The agreement also includes governance requirements for the district, including filling board vacancies, completing training in healthcare governance and fiduciary duties, and maintaining regular public meetings. County leaders have been clear that financial assistance alone will not solve the hospital’s challenges without stronger operational controls and accountability.
While the county’s involvement has brought a measure of short-term stability, uncertainty remains. The loan does not erase the hospital’s debt, nor does it guarantee a permanent solution. Any long-term outcome will depend on whether emergency operations can be stabilized, whether revenues can improve, and whether a viable management or partnership structure can be established once the six-month stabilization period ends.

V. Manuel Perez, Riverside County Supervisor, Fourth District
“Thank you to our Executive Office, RUHS, and everyone involved, to get us this far,” said Supervisor V. Manuel Perez. “I want to thank the City of Blythe, they also put in $330,000 which was very helpful and, with our $1 million, it gives us the time to try to figure this out. Specifically, I want to say thank you to the City Councilmembers, Joseph Halby and Johnny Rodriguez for playing a big role, Desert Healthcare District, Tenet, DHCS, State Senator Padilla’s office and Congressman Ruiz. Last but not least, county staff as well as my office staff, played a role in this effort. Thank you to all who engaged.”

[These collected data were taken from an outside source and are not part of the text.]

(* Let $\eta_1,\eta_2,\dots$ be iid with $\Pr(\eta_1\le x)=e^x$, $x\le0$, and let $1\le j<k<r$ be integers. Then for all $x_1<x_2<x_3\le 0$, \[ \Pr(\eta_j\le x_1,\eta_k\le x_2,\eta_r\le x_3\mid \eta_j,\eta_k,\eta_r\text{ are records}) =\frac{kr}{(k-j)(r-k)}\left(e^{jx_1}\Big(e^{(r-k)x_3}e^{(k-j)x_2}-\frac{k-j}{r-j}e^{(r-j)x_2}\Big)-\frac{j}{k}e^{kx_1}e^{(r-k)x_3}+\frac{j(k-j)}{r(r-j)}e^{rx_1}\right). \]
   Context: $\eta_m$ is a record if $\eta_m>\max(\eta_1,\dots,\eta_{m-1})$; $\eta_1$ is always a record. *)

theory Defs
  imports "HOL-Probability.Probability"
begin

text \<open>The sequence is indexed from 1: eta 1, eta 2, ...  Index m is a record
  at outcome w iff eta m w exceeds all earlier values eta 1 w, ..., eta (m-1) w
  (vacuous for m = 1).\<close>
definition is_record :: "(nat \<Rightarrow> 'a \<Rightarrow> real) \<Rightarrow> nat \<Rightarrow> 'a \<Rightarrow> bool" where
  "is_record \<eta> m \<omega> \<longleftrightarrow> (\<forall>i\<in>{1..<m}. \<eta> i \<omega> < \<eta> m \<omega>)"

end

theory Submission
  imports Defs
begin

text \<open>The variables \<open>U i = exp (\<eta> i)\<close> are independent and uniform on \<open>[0, 1]\<close>, and
  \<open>m\<close> is a record iff \<open>U m\<close> exceeds the running maximum of \<open>U 1, \<dots>, U (m - 1)\<close>.
  Fix thresholds \<open>t m\<close> for the indices \<open>m\<close> in \<open>S = {j, k, r}\<close>, and let \<open>G n y\<close> be the
  probability that every \<open>m \<in> S\<close> with \<open>m \<le> n\<close> is a record with value at most \<open>t m\<close> and that
  the running maximum after \<open>n\<close> steps is below \<open>y\<close>. As \<open>U (n + 1)\<close> is independent of the
  past, \<open>G (n + 1) y = y * G n y\<close> for \<open>n + 1 \<notin> S\<close>, while for \<open>n + 1 \<in> S\<close> conditioning on
  the value \<open>v\<close> of \<open>U (n + 1)\<close> gives \<open>G (n + 1) y = \<integral> G n v dv\<close> over \<open>[0, min (t (n + 1)) y]\<close>.
  Iterating produces integrals of piecewise polynomials. The numerator of the conditional
  probability is this quantity for the thresholds \<open>exp x1, exp x2, exp x3\<close>; since \<open>\<eta> \<le> 0\<close>
  almost surely, the denominator is the one for thresholds \<open>1\<close>, which equals \<open>1 / (j k r)\<close>.\<close>

lemma has_integral_power_pred:
  fixes u w :: real
  assumes "0 < m" "u \<le> w"
  shows "((\<lambda>v. v ^ (m - 1)) has_integral (w ^ m - u ^ m) / m) {u..w}"
proof -
  have "((\<lambda>v. v ^ m / m) has_real_derivative v ^ (m - 1)) (at v within {u..w})" for v :: real
    using assms by (auto intro!: derivative_eq_intros)
  then have "((\<lambda>v. v ^ (m - 1)) has_integral w ^ m / m - u ^ m / m) {u..w}"
    by (intro fundamental_theorem_of_calculus assms)
       (simp add: has_real_derivative_iff_has_vector_derivative)
  then show ?thesis
    by (simp add: diff_divide_distrib)
qed

definition two_records_prob :: "nat \<Rightarrow> nat \<Rightarrow> real \<Rightarrow> real \<Rightarrow> real" where
  "two_records_prob j k a z =
     (if z \<le> a then z ^ k / (real j * real k)
      else a ^ j * z ^ (k - j) / (real j * real (k - j)) - a ^ k / (real k * real (k - j)))"

definition three_records_prob :: "nat \<Rightarrow> nat \<Rightarrow> nat \<Rightarrow> real \<Rightarrow> real \<Rightarrow> real \<Rightarrow> real" where
  "three_records_prob j k r a b c =
     (a ^ j * b ^ (k - j) * c ^ (r - k) - real (k - j) / real (r - j) * a ^ j * b ^ (r - j)
      - real j / real k * a ^ k * c ^ (r - k) + real j * real (k - j) / (real r * real (r - j)) * a ^ r)
     / (real j * real (k - j) * real (r - k))"

lemma two_records_prob_ge:
  assumes "1 \<le> j" "j < k" "a \<le> z"
  shows "two_records_prob j k a z = a ^ j * z ^ (k - j) / (real j * real (k - j)) - a ^ k / (real k * real (k - j))"
proof (cases "z = a")
  case True
  obtain p where p: "k = j + p" "0 < p"
    using assms by (metis add_diff_inverse_nat less_imp_add_positive)
  show ?thesis
    using True assms unfolding two_records_prob_def p
    by (simp add: power_add divide_simps) (simp add: algebra_simps)
qed (use assms in \<open>simp add: two_records_prob_def\<close>)
(* Let $\mathfrak{A}_q$ be a quantum cluster algebra with quantum seed $(\mathbf{x},B,\Lambda)$, $\mathbf{x}=(x_1,\ldots,x_n)$, assume that all prime ideals of $\mathfrak{A}_q$ are completely prime, and assume that the cluster $\mathbf{x}$ is super-toric. Let $\mathcal{I}$ be a torus invariant non-zero proper prime ideal of $\mathfrak{A}_q$ such that $\mathcal{I}\cap\mathbf{x}=\{x_{k+1},\ldots,x_n\}$. Then $\mathcal{I}\cap\mathbb{C}_\Lambda[x_1,\ldots,x_n]$ is generated by $\{x_{k+1},\ldots,x_n\}$.
   Context: A compatible pair $(B,\Lambda)$ consists of an $m\times n$ integer matrix $B$ ($m\le n$) with skew-symmetrizable principal $m\times m$ part and a skew-symmetric $n\times n$ integer matrix $\Lambda=(\lambda_{ij})$ such that $B\Lambda$ has entries $d_i\delta_{ij}$ with $d_i$ positive integers. In the quantum cluster algebra, the seed variables generate the quantum affine space $\mathbb{C}_\Lambda[x_1,\ldots,x_n]$ with relations $x_ix_j=q^{\lambda_{ij}}x_jx_i$, and $\mathfrak{A}_q\subset\mathbb{C}_\Lambda[x_1^{\pm1},\ldots,x_n^{\pm1}]$. Torus action: with $T=\ker(B)\subset\mathbb{Z}^n$, each $\mathbf{b}\in T$ and $\alpha\in\mathbb{C}^*$ give the global toric action $x_i\mapsto\alpha^{b_i}x_i$, acting on $\mathfrak{A}_q$ by automorphisms; torus invariant means stable under all of these. Super-toric: for $1\le k\le n$ let $T_{[1,k]}\subset\mathbb{Z}^k$ be the projection of $T$ onto the first $k$ coordinates and $\Lambda_{[1,k]}$ the principal $k\times k$ submatrix of $\Lambda$; the cluster is super-toric if $\mathrm{rk}(T_{[1,k]}+\mathrm{Im}(\Lambda_{[1,k]}))=k$ for all $k=1,\ldots,n$. Completely prime: $ab\in\mathcal{I}\Rightarrow a\in\mathcal{I}$ or $b\in\mathcal{I}$. *)

theory Defs
  imports Complex_Main
begin

(* Indices are 0-based: the paper's x_1..x_n are xvar 0 .. xvar (n-1);
   mutable indices are 0..m-1, frozen ones m..n-1.
   t is a fixed square root of q (q = t^2), needed for quantum mutation. *)

type_synonym expo = "nat \<Rightarrow> int"
type_synonym qelt = "expo \<Rightarrow> complex"
type_synonym imat = "nat \<Rightarrow> nat \<Rightarrow> int"

definition compatible :: "nat \<Rightarrow> nat \<Rightarrow> imat \<Rightarrow> imat \<Rightarrow> bool" where
  "compatible m n B L \<longleftrightarrow> m \<le> n
     \<and> (\<exists>d::nat \<Rightarrow> int. (\<forall>i<m. 0 < d i) \<and> (\<forall>i<m. \<forall>j<m. d i * B i j = - (d j * B j i)))
     \<and> (\<forall>i<n. \<forall>j<n. L i j = - L j i)
     \<and> (\<exists>d::nat \<Rightarrow> int. \<forall>i<m. 0 < d i \<and>
          (\<forall>j<n. (\<Sum>l<n. B i l * L l j) = (if i = j then d i else 0)))"

text \<open>An element is a coefficient function on exponent vectors; the basis element
  for exponent a is the ordered monomial x_1^{a_1} ... x_n^{a_n}.\<close>

definition qsupp :: "qelt \<Rightarrow> expo set" where
  "qsupp f = {a. f a \<noteq> 0}"

definition qtorus :: "nat \<Rightarrow> qelt set" where
  "qtorus n = {f. finite (qsupp f) \<and> (\<forall>a\<in>qsupp f. \<forall>j\<ge>n. a j = 0)}"

definition qaffine :: "nat \<Rightarrow> qelt set" where
  "qaffine n = {f \<in> qtorus n. \<forall>a\<in>qsupp f. \<forall>j. 0 \<le> a j}"

definition sigma :: "nat \<Rightarrow> imat \<Rightarrow> expo \<Rightarrow> expo \<Rightarrow> int" where
  "sigma n L a b = (\<Sum>i<n. \<Sum>j<i. a i * L i j * b j)"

Across Riverside County, the situation underscores a growing reality. Rural hospitals play an outsized role in public safety, yet they often operate on the thinnest margins. Palo Verde Hospital’s struggle reflects statewide trends that have already forced dozens of rural facilities to scale back services or close entirely.
For now, county leaders say the priority is clear: maintain access to emergency care while buying time to determine what comes next. As Riverside County officials, healthcare leaders, and the Palo Verde Healthcare District continue negotiations, the outcome in Blythe may offer important lessons for how California addresses the fragile future of rural health care.